### [EXERCISE DESCRIPTION]
Two lines in the data below mark the range: the one with "using assms(1)[of d]" and the one with "by (intro eq_or_degree_diff_less) (auto simp: d_def". Return both, along with every line between them, exactly.

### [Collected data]
text \<open>\<open>G\<close> and \<open>H\<close> are handled at once through the block-diagonal adjacency matrix of their
  disjoint union, paired with \<open>hom_walks_at\<close> for \<open>G\<close> and minus \<open>hom_walks_at\<close> for \<open>H\<close>.\<close>

lemma hom_walks_update_1_if_odd:
  fixes F :: "'v graph" and G H :: "'a graph"
  assumes F: "simple_graph F" and e0: "e0 \<in> edges F" and G: "wf_graph G" and H: "wf_graph H"
    and odd: "\<And>n. odd n \<Longrightarrow> n \<ge> k \<Longrightarrow> hom_walks F (l(e0 := n)) G = hom_walks F (l(e0 := n)) H"
  shows "hom_walks F (l(e0 := 1)) G = hom_walks F (l(e0 := 1)) H"
proof -
  define V where "V = verts G <+> verts H"
  define A :: "('a + 'a, real) mat"
    where "A = mat_diag_sum (\<lambda>x y. real (adj G x y)) (\<lambda>x y. real (adj H x y))"
  define N :: "('a + 'a, real) mat"
    where "N = mat_diag_sum (\<lambda>x y. real (hom_walks_at F l e0 G x y))
      (\<lambda>x y. - real (hom_walks_at F l e0 H x y))"
  have fin: "finite (verts G)" "finite (verts H)" "finite V"
    using wf_graph_finite_verts[OF G] wf_graph_finite_verts[OF H] by (simp_all add: V_def)
  have supp: "supported_on V A"
    using supported_on_adj[OF G] supported_on_adj[OF H]
    by (auto simp: supported_on_def V_def A_def mat_diag_sum_def split: sum.split; metis gr_implies_not0)
  have sym: "A p q = A q p" for p q
    by (auto simp: A_def mat_diag_sum_def adj_sym split: sum.split)
  have real_hom_walks: "real (hom_walks F (l(e0 := n)) X) = mat_inner (verts X)
      (mat_pow (verts X) (\<lambda>x y. real (adj X x y)) n) (\<lambda>x y. real (hom_walks_at F l e0 X x y))"
    if "wf_graph X" for X :: "'a graph" and n
    by (simp add: hom_walks_update_eq_mat_inner[OF F e0 that] mat_inner_def walks_def of_nat_mat_pow)
  have key: "mat_inner V (mat_pow V A n) N
      = real (hom_walks F (l(e0 := n)) G) - real (hom_walks F (l(e0 := n)) H)" for n
    unfolding V_def A_def N_def mat_pow_diag_sum[OF fin(1,2)] mat_inner_diag_sum[OF fin(1,2)]
      real_hom_walks[OF G] real_hom_walks[OF H]
    by (simp add: mat_inner_def sum_negf)
  have "mat_inner V A N = 0"
    by (rule mat_inner_eq_0_if_odd_powers[OF fin(3) supp sym, of k]) (subst key, simp add: odd)
  then show ?thesis
    using key[of 1] mat_pow_1[OF fin(3) supp] by simp
qed
text \<open>
  Write \<open>\<parallel>U\<parallel>\<close> for the \<open>L\<^sup>q(\<ell>\<^sup>s)\<close> norm of a random vector and \<open>\<kappa> = max q s - 1\<close>.
  Pointwise, a second-order Taylor expansion of \<open>t \<mapsto> \<bar>x + t y\<bar>\<^sub>s\<^sup>q\<close>, whose second
  derivative H\<ouml>lder's inequality bounds by \<open>q \<kappa> (\<bar>x\<bar>\<^sub>s + \<bar>y\<bar>\<^sub>s)\<^bsup>q-2\<^esup> \<bar>y\<bar>\<^sub>s\<^sup>2\<close>,
  gives \<open>\<bar>x + y\<bar>\<^sub>s\<^sup>q \<le> \<bar>x\<bar>\<^sub>s\<^sup>q + q J(x) \<bullet> y + q \<kappa> / 2 (\<bar>x\<bar>\<^sub>s + \<bar>y\<bar>\<^sub>s)\<^bsup>q-2\<^esup> \<bar>y\<bar>\<^sub>s\<^sup>2\<close>,
  where \<open>J\<close> is the gradient of \<open>\<bar>x\<bar>\<^sub>s\<^sup>q / q\<close>. Integrating, bounding the remainder by
  H\<ouml>lder and Minkowski, and passing to the concave power \<open>2 / q\<close> shows that near every point
  of the segment \<open>X + t Y\<close> the function \<open>\<phi> t = \<parallel>X + t Y\<parallel>\<^sup>2\<close> lies below its tangent plus
  \<open>(\<kappa> \<parallel>Y\<parallel>\<^sup>2 + o(1)) h\<^sup>2\<close>. Hence \<open>\<phi> t - \<kappa> \<parallel>Y\<parallel>\<^sup>2 t\<^sup>2\<close> is concave on \<open>[0, 1]\<close>, and
  comparing its chord with its right derivative at \<open>0\<close> gives the inequality. That derivative
  is \<open>2 \<parallel>X\<parallel>\<^bsup>2-q\<^esup> E (J(X) \<bullet> Y)\<close>, which vanishes when \<open>E[Y | X] = 0\<close>.
\<close>

section \<open>Inequalities for real powers\<close>

lemma weighted_geometric_mean_le:
  fixes x y \<alpha> :: real
  assumes "x \<ge> 0" "y \<ge> 0" "0 \<le> \<alpha>" "\<alpha> \<le> 1"
  shows "x powr \<alpha> * y powr (1 - \<alpha>) \<le> \<alpha> * x + (1 - \<alpha>) * y"
proof (cases "x = 0 \<or> y = 0")
  case True
  then show ?thesis using assms by auto
next
  case False
  then show ?thesis using Youngs_inequality_0[of \<alpha> "1 - \<alpha>" x y] assms by simp
qed
locale discrete_weights =
  fixes N :: nat and x w :: "nat \<Rightarrow> real"
  assumes inj_nodes: "inj_on x {1..N}"
    and weights_pos: "\<And>j. j \<in> {1..N} \<Longrightarrow> 0 < w j"
begin

abbreviation P :: "nat \<Rightarrow> real poly" where
  "P n \<equiv> mop N x w n"

abbreviation sqnorm :: "nat \<Rightarrow> real" where
  "sqnorm n \<equiv> ip N x w (P n) (P n)"

lemma ip_self_nonneg: "0 \<le> ip N x w p p"
  unfolding ip_self using weights_pos by (auto intro!: sum_nonneg simp: less_imp_le)

lemma ip_self_pos:
  assumes "p \<noteq> 0" "degree p < N"
  shows "0 < ip N x w p p"
proof (rule ccontr)
  assume "\<not> ?thesis"
  then have "ip N x w p p = 0"
    using ip_self_nonneg[of p] by linarith
  then have "\<forall>j\<in>{1..N}. w j * (poly p (x j))\<^sup>2 = 0"
    unfolding ip_self using weights_pos by (subst (asm) sum_nonneg_eq_0_iff) (auto simp: less_imp_le)
  then have "\<forall>j\<in>{1..N}. poly p (x j) = 0"
    using weights_pos by fastforce
  moreover have "card (x ` {1..N}) = N"
    using card_image[OF inj_nodes] by simp
  ultimately have "p = 0"
    using assms(2) by (intro poly_eqI_degree[of "x ` {1..N}"]) auto
  with assms(1) show False ..
qed

lemma ip_eq_0_if_orthogonal_to_mops:
  assumes "\<And>l. l < n \<Longrightarrow> is_mop N x w l (f l)" "\<And>l. l < n \<Longrightarrow> ip N x w p (f l) = 0"
    and "degree q < n"
  shows "ip N x w p q = 0"
  using assms(3)
proof (induction "degree q" arbitrary: q rule: less_induct)
  case less
  define d where "d = degree q"
  have "degree (f d) = d" "coeff (f d) d = 1"
    using assms(1)[of d] less.prems by (auto simp: is_mop_def d_def)
  then have "q = smult (lead_coeff q) (f d) \<or> degree (q - smult (lead_coeff q) (f d)) < d"
    by (intro eq_or_degree_diff_less) (auto simp: d_def intro: order.trans[OF degree_smult_le])
  moreover have "ip N x w p q = ip N x w p (q - smult (lead_coeff q) (f d)) + lead_coeff q * ip N x w p (f d)"
    by (simp add: ip_diff_right)
  moreover have "ip N x w p (f d) = 0"
    using assms(2) less.prems by (simp add: d_def)
  ultimately show ?case
    using less.hyps[of "q - smult (lead_coeff q) (f d)"] less.prems by (auto simp: d_def)
qed

text \<open>Gram--Schmidt applied to the monomial of degree \<open>n\<close>.\<close>
lemma is_mop_exists: "n \<le> N \<Longrightarrow> \<exists>p. is_mop N x w n p"
proof (induction n rule: less_induct)
  case (less n)
  then obtain f where f: "\<And>k. k < n \<Longrightarrow> is_mop N x w k (f k)"
    by (metis less_imp_le order.strict_trans2)
  have deg: "degree (f k) = k" if "k < n" for k
    using f[OF that] by (simp add: is_mop_def)
  have orth: "ip N x w (f k) (f l) = 0" if "k < n" "l < n" "k \<noteq> l" for k l
  proof (cases "l < k")
    case True
    then show ?thesis using f[OF that(1)] deg[OF that(2)] by (simp add: is_mop_def)
  next
    case False
    then show ?thesis
      using f[OF that(2)] deg[OF that(1)] that(3) ip_commute[of N x w "f k"] by (simp add: is_mop_def)
  qed
  have pos: "0 < ip N x w (f k) (f k)" if "k < n" for k
    using f[OF that] that less.prems by (intro ip_self_pos) (auto simp: is_mop_def)
  define c where "c k = ip N x w (monom 1 n) (f k) / ip N x w (f k) (f k)" for k
  define p where "p = monom 1 n - (\<Sum>k<n. smult (c k) (f k))"
  have "ip N x w p (f l) = 0" if "l < n" for l
  proof -
    have "(\<Sum>k<n. c k * ip N x w (f k) (f l)) = c l * ip N x w (f l) (f l)"
      using that orth by (subst sum.remove[of _ l]) auto
    also have "\<dots> = ip N x w (monom 1 n) (f l)"
      using pos[OF that] by (simp add: c_def)
    finally show ?thesis
      by (simp add: p_def ip_diff_left ip_sum_left)
  qed
  then have "\<forall>q. degree q < n \<longrightarrow> ip N x w p q = 0"
    using f by (blast intro: ip_eq_0_if_orthogonal_to_mops)
  moreover have "degree (\<Sum>k<n. smult (c k) (f k)) \<le> n"
    by (intro degree_sum_le) (auto intro: order.trans[OF degree_smult_le] simp: deg)
  then have "degree p \<le> n"
    unfolding p_def by (intro degree_diff_le) (auto simp: degree_monom_le)
  moreover have "coeff p n = 1"
    by (simp add: p_def coeff_sum coeff_eq_0 deg)
  ultimately show ?case
    unfolding is_mop_def by (metis le_antisym le_degree zero_neq_one)
qed

lemma is_mop_unique:
  assumes "n \<le> N" "is_mop N x w n p" "is_mop N x w n p'"
  shows "p = p'"
proof (rule ccontr)
  assume "p \<noteq> p'"
  with assms have "degree (p - p') < n"
    using eq_or_degree_diff_less[of p n p'] by (auto simp: is_mop_def)
  with assms(2,3) have "ip N x w p (p - p') = 0" "ip N x w p' (p - p') = 0"
    by (simp_all add: is_mop_def)
  then have "ip N x w (p - p') (p - p') = 0"
    by (simp add: ip_diff_left)
  moreover have "0 < ip N x w (p - p') (p - p')"
    using \<open>p \<noteq> p'\<close> \<open>degree (p - p') < n\<close> assms(1) by (intro ip_self_pos) auto
  ultimately show False by simp
qed

lemma is_mop_P: "n \<le> N \<Longrightarrow> is_mop N x w n (P n)"
  unfolding mop_def is_mop_def[symmetric]
  using is_mop_exists is_mop_unique by (metis theI)

lemma degree_P: "n \<le> N \<Longrightarrow> degree (P n) = n"
  using is_mop_P unfolding is_mop_def by blast

lemma lead_coeff_P: "n \<le> N \<Longrightarrow> lead_coeff (P n) = 1"
  using is_mop_P unfolding is_mop_def by blast

lemma coeff_P_self [simp]: "n \<le> N \<Longrightarrow> coeff (P n) n = 1"
  using degree_P lead_coeff_P by metis

lemma ip_P_lower: "n \<le> N \<Longrightarrow> degree q < n \<Longrightarrow> ip N x w (P n) q = 0"
  using is_mop_P unfolding is_mop_def by blast

lemma ip_P_P:
  assumes "m \<le> N" "n \<le> N" "m \<noteq> n"
  shows "ip N x w (P m) (P n) = 0"
proof (cases "n < m")
  case True
  then show ?thesis using assms by (simp add: ip_P_lower degree_P)
next
  case False
  then have "m < n" using assms(3) by simp
  then show ?thesis using assms by (metis ip_P_lower degree_P ip_commute)
qed

lemma P_nonzero: "n \<le> N \<Longrightarrow> P n \<noteq> 0"
  using lead_coeff_P by fastforce

lemma sqnorm_pos: "n < N \<Longrightarrow> 0 < sqnorm n"
  by (simp add: ip_self_pos P_nonzero degree_P)

lemma sqnorm_le_monic:
  assumes "n \<le> N" "degree q = n" "lead_coeff q = 1"
  shows "sqnorm n \<le> ip N x w q q"
proof -
  have "q = P n \<or> degree (q - P n) < n"
    using assms by (intro eq_or_degree_diff_less) (auto simp: degree_P lead_coeff_P)
  then have "ip N x w (P n) (q - P n) = 0"
    using ip_P_lower[OF assms(1)] by auto
  then have "ip N x w q q = sqnorm n + ip N x w (q - P n) (q - P n)"
    by (simp add: ip_diff_left ip_diff_right ip_commute[of N x w q "P n"])
  then show ?thesis
    using ip_self_nonneg[of "q - P n"] by simp
qed

lemma eq_smult_P_if_orthogonal:
  assumes "m \<le> N" "degree q \<le> m" "\<And>p. degree p < m \<Longrightarrow> ip N x w q p = 0"
  shows "q = smult (coeff q m) (P m)"
proof (rule ccontr)
  define d where "d = q - smult (coeff q m) (P m)"
  assume "q \<noteq> smult (coeff q m) (P m)"
  moreover have "degree (smult (coeff q m) (P m)) \<le> m"
    using assms(1) by (intro order.trans[OF degree_smult_le]) (simp add: degree_P)
  ultimately have "d \<noteq> 0" "degree d < m"
    using assms eq_or_degree_diff_less[of q m "smult (coeff q m) (P m)"] by (auto simp: d_def)
  have "ip N x w d p = 0" if "degree p < m" for p
    using assms(1,3) that by (simp add: d_def ip_diff_left ip_P_lower)
  then have "ip N x w d d = 0"
    using \<open>degree d < m\<close> by blast
  with \<open>d \<noteq> 0\<close> \<open>degree d < m\<close> show False
    using ip_self_pos[of d] assms(1) by simp
qed

text \<open>\<open>X * P k - P (Suc k)\<close> has degree at most \<open>k\<close> and, multiplication by \<open>X\<close> being
  self-adjoint, is orthogonal to all polynomials of degree below \<open>k - 1\<close>.\<close>
lemma three_term_recurrence:
  assumes "k < N"
  shows "\<exists>b c. [:0, 1:] * P k = P (Suc k) + smult b (P k) + smult c (mop_prev N x w k)"
proof -
  define q where "q = [:0, 1:] * P k - P (Suc k)"
  define r where "r = q - smult (coeff q k) (P k)"
  have "[:0, 1:] * P k = P (Suc k) \<or> degree q < Suc k"
    unfolding q_def using assms P_nonzero[of k]
    by (intro eq_or_degree_diff_less) (auto simp: degree_P)
  then have "degree q \<le> k"
    by (auto simp: q_def)
  have "ip N x w q p = 0" if "Suc (degree p) < k" for p
  proof -
    have "degree ([:0, 1:] * p) < k"
      using that by (cases "p = 0") auto
    then show ?thesis
      using assms that by (simp add: q_def ip_diff_left ip_pCons_0 ip_P_lower)
  qed
  then have r_orth: "ip N x w r p = 0" if "Suc (degree p) < k" for p
    using assms that by (simp add: r_def ip_diff_left ip_P_lower)
  have "r = 0 \<or> degree r < k"
    using \<open>degree q \<le> k\<close> assms eq_or_degree_diff_less[of q k "smult (coeff q k) (P k)"]
    by (auto simp: r_def degree_P intro: order.trans[OF degree_smult_le])
  have "\<exists>c. r = smult c (mop_prev N x w k)"
  proof (cases k)
    case 0
    with \<open>r = 0 \<or> degree r < k\<close> show ?thesis by simp
  next
    case (Suc m)
    then have "r = smult (coeff r m) (P m)"
      using assms \<open>r = 0 \<or> degree r < k\<close> r_orth by (intro eq_smult_P_if_orthogonal) auto
    then show ?thesis
      using Suc by (auto simp: mop_prev_def)
  qed
  then show ?thesis
    unfolding r_def q_def by (metis add.commute diff_add_cancel diff_diff_eq)
qed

### [WRITTEN SOLUTION]
    using assms(1)[of d] less.prems by (auto simp: is_mop_def d_def)
  then have "q = smult (lead_coeff q) (f d) \<or> degree (q - smult (lead_coeff q) (f d)) < d"
    by (intro eq_or_degree_diff_less) (auto simp: d_def intro: order.trans[OF degree_smult_le])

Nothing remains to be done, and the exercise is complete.